■ What to do ■
Beginning with the first line below, please restate each line exactly, down to and including the line containing "using valid that".

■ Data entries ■
lemma pay_base_model:
  assumes base: "base_model S" and k: "k \<in> cids S"
    and r: "\<forall>w\<in>banks S. 0 \<le> r w \<and> r w \<le> 1"
  shows "pay S r k = r (debtor (ctr S k)) * liab S r k"
proof -
  define v where "v = debtor (ctr S k)"
  define K where "K = {k\<in>cids S. debtor (ctr S k) = v}"
  have valid: "valid_system S" and single: "prios S = 1"
    using base by (auto simp: base_model_def)
  have contract: "valid_contract S (ctr S j)" if "j \<in> cids S" for j
    using valid that by (simp add: valid_system_def)
  have prio_1: "prio (ctr S j) = 1" if "j \<in> cids S" for j
    using contract[OF that] single by (cases "ctr S j") (auto simp: valid_contract_def)
  have "v \<in> banks S"
    using contract[OF k] by (cases "ctr S k") (auto simp: valid_contract_def v_def)
  then have rv: "0 \<le> r v" "r v \<le> 1"
    using r by auto
  have lprio_eq: "lprio S r v 1 = lbank S r v"
    unfolding lprio_def lbank_def by (rule sum.cong) (auto simp: prio_1)
  have lbank_K: "lbank S r v = (\<Sum>j\<in>K. liab S r j)"
    by (simp add: lbank_def K_def)
  have finite_K: "finite K" and k_K: "k \<in> K"
    using valid k by (auto simp: valid_system_def K_def v_def)
  have liab_K: "0 \<le> liab S r j" if "j \<in> K" for j
    using that valid r by (intro liab_nonneg) (auto simp: K_def)
  show ?thesis
  proof (cases "lbank S r v = 0")
    case True
    then have "liab S r k = 0"
      using sum_nonneg_eq_0_iff[OF finite_K liab_K] k_K lbank_K by auto
    then show ?thesis
      unfolding pay_def Let_def prio_1[OF k] v_def[symmetric] lprio_eq using True by simp
  next
    case False
    then show ?thesis
      unfolding pay_def Let_def prio_1[OF k] v_def[symmetric] lprio_eq using rv
      by (simp add: lle_def)
  qed
qed

lemma assets_base_model:
  assumes "base_model S" "\<forall>w\<in>banks S. 0 \<le> r w \<and> r w \<le> 1"
  shows "assets S r v =
    ext S v + (\<Sum>k\<in>{k\<in>cids S. creditor (ctr S k) = v}. r (debtor (ctr S k)) * liab S r k)"
  unfolding assets_def using assms by (auto intro: sum.cong simp: pay_base_model)

lemma unique_solutionI:
  assumes "\<And>r. is_solution S r \<longleftrightarrow> (\<forall>v\<in>banks S. r v = r0 v)"
  shows "unique_solution S r0"
  using assms by (simp add: unique_solution_def)

lemma is_solution_recovery_bounds:
  "is_solution S r \<Longrightarrow> \<forall>v\<in>banks S. 0 \<le> r v \<and> r v \<le> 1"
  by (simp add: is_solution_def)

definition example_sys :: "(nat, nat) fsys" where
  "example_sys =
    \<lparr>banks = {0, 1, 2}, ext = (\<lambda>v. if v = 0 then 1 else if v = 1 then 10 else 0),
     prios = 1, cids = {0, 1, 2},
     ctr = (\<lambda>k. if k = 0 then Debt 0 1 1 1 else if k = 1 then Debt 0 2 1 1 else CDS 1 2 0 10 1)\<rparr>"

abbreviation example_sys_deleted :: "(nat, nat) fsys" where
  "example_sys_deleted \<equiv> delete_contract example_sys 0"

lemma base_model_example_sys: "base_model example_sys"
  by (simp add: base_model_def valid_system_def valid_contract_def example_sys_def)

lemma base_model_example_sys_deleted: "base_model example_sys_deleted"
  by (simp add: base_model_def valid_system_def valid_contract_def delete_contract_def
      example_sys_def)

lemma banks_example_sys: "banks example_sys = {0, 1, 2}" "banks example_sys_deleted = {0, 1, 2}"
  by (simp_all add: example_sys_def delete_contract_def)

lemma lbank_example_sys:
  "lbank example_sys r 0 = 2" "lbank example_sys r 1 = 10 * (1 - r 0)" "lbank example_sys r 2 = 0"
  unfolding lbank_def by (subst sum.inter_filter; simp add: liab_def example_sys_def)+

lemma lbank_example_sys_deleted:
  "lbank example_sys_deleted r 0 = 1" "lbank example_sys_deleted r 1 = 10 * (1 - r 0)"
  "lbank example_sys_deleted r 2 = 0"
  unfolding lbank_def
  by (subst sum.inter_filter; simp add: liab_def example_sys_def delete_contract_def)+

lemma assets_example_sys:
  assumes "\<forall>w\<in>banks example_sys. 0 \<le> r w \<and> r w \<le> 1"
  shows "assets example_sys r 0 = 1" "assets example_sys r 1 = 10 + r 0"
    "assets example_sys r 2 = r 0 + 10 * r 1 * (1 - r 0)"
  unfolding assets_base_model[OF base_model_example_sys assms]
  by (subst sum.inter_filter; simp add: liab_def example_sys_def)+

lemma assets_example_sys_deleted:
  assumes "\<forall>w\<in>banks example_sys_deleted. 0 \<le> r w \<and> r w \<le> 1"
  shows "assets example_sys_deleted r 0 = 1" "assets example_sys_deleted r 1 = 10"
    "assets example_sys_deleted r 2 = r 0 + 10 * r 1 * (1 - r 0)"
  unfolding assets_base_model[OF base_model_example_sys_deleted assms]
  by (subst sum.inter_filter; simp add: liab_def example_sys_def delete_contract_def)+

lemma is_solution_example_sys_iff:
  "is_solution example_sys r \<longleftrightarrow> r 0 = 1/2 \<and> r 1 = 1 \<and> r 2 = 1"
proof
  assume sol: "is_solution example_sys r"
  note bounds = is_solution_recovery_bounds[OF sol]
  note balance = assets_example_sys[OF bounds] lbank_example_sys
  have clearing: "(lbank example_sys r v \<le> assets example_sys r v \<longrightarrow> r v = 1)
      \<and> (assets example_sys r v < lbank example_sys r v
        \<longrightarrow> r v = assets example_sys r v / lbank example_sys r v)"
    if "v \<in> {0, 1, 2}" for v
    using sol that unfolding is_solution_def banks_example_sys by blast
  have r0: "r 0 = 1/2"
    using clearing[of 0] balance by simp
  moreover have "r 1 = 1"
    using clearing[of 1] balance r0 by simp
  moreover have "r 2 = 1"
    using clearing[of 2] balance bounds r0 by (simp add: banks_example_sys)
  ultimately show "r 0 = 1/2 \<and> r 1 = 1 \<and> r 2 = 1"
    by simp
next
  assume rec: "r 0 = 1/2 \<and> r 1 = 1 \<and> r 2 = 1"
  then have bounds: "\<forall>w\<in>banks example_sys. 0 \<le> r w \<and> r w \<le> 1"
    by (simp add: banks_example_sys)
  show "is_solution example_sys r"
    using rec bounds assets_example_sys[OF bounds] lbank_example_sys
    unfolding is_solution_def banks_example_sys by simp
qed

lemma is_solution_example_sys_deleted_iff:
  "is_solution example_sys_deleted r \<longleftrightarrow> r 0 = 1 \<and> r 1 = 1 \<and> r 2 = 1"
proof
  assume sol: "is_solution example_sys_deleted r"
  note bounds = is_solution_recovery_bounds[OF sol]
  note balance = assets_example_sys_deleted[OF bounds] lbank_example_sys_deleted
  have clearing: "lbank example_sys_deleted r v \<le> assets example_sys_deleted r v \<longrightarrow> r v = 1"
    if "v \<in> {0, 1, 2}" for v
    using sol that unfolding is_solution_def banks_example_sys by blast
  have r0: "r 0 = 1"
    using clearing[of 0] balance by simp
  moreover have "r 1 = 1"
    using clearing[of 1] balance r0 by simp
  moreover have "r 2 = 1"
    using clearing[of 2] balance r0 by simp
  ultimately show "r 0 = 1 \<and> r 1 = 1 \<and> r 2 = 1"
    by simp
next
  assume rec: "r 0 = 1 \<and> r 1 = 1 \<and> r 2 = 1"
  then have bounds: "\<forall>w\<in>banks example_sys_deleted. 0 \<le> r w \<and> r w \<le> 1"
    by (simp add: banks_example_sys)
  show "is_solution example_sys_deleted r"
    using rec bounds assets_example_sys_deleted[OF bounds] lbank_example_sys_deleted
    unfolding is_solution_def banks_example_sys by simp
qed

■ Result of the exercise ■
lemma pay_base_model:
  assumes base: "base_model S" and k: "k \<in> cids S"
    and r: "\<forall>w\<in>banks S. 0 \<le> r w \<and> r w \<le> 1"
  shows "pay S r k = r (debtor (ctr S k)) * liab S r k"
proof -
  define v where "v = debtor (ctr S k)"
  define K where "K = {k\<in>cids S. debtor (ctr S k) = v}"
  have valid: "valid_system S" and single: "prios S = 1"
    using base by (auto simp: base_model_def)
  have contract: "valid_contract S (ctr S j)" if "j \<in> cids S" for j
    using valid that by (simp add: valid_system_def)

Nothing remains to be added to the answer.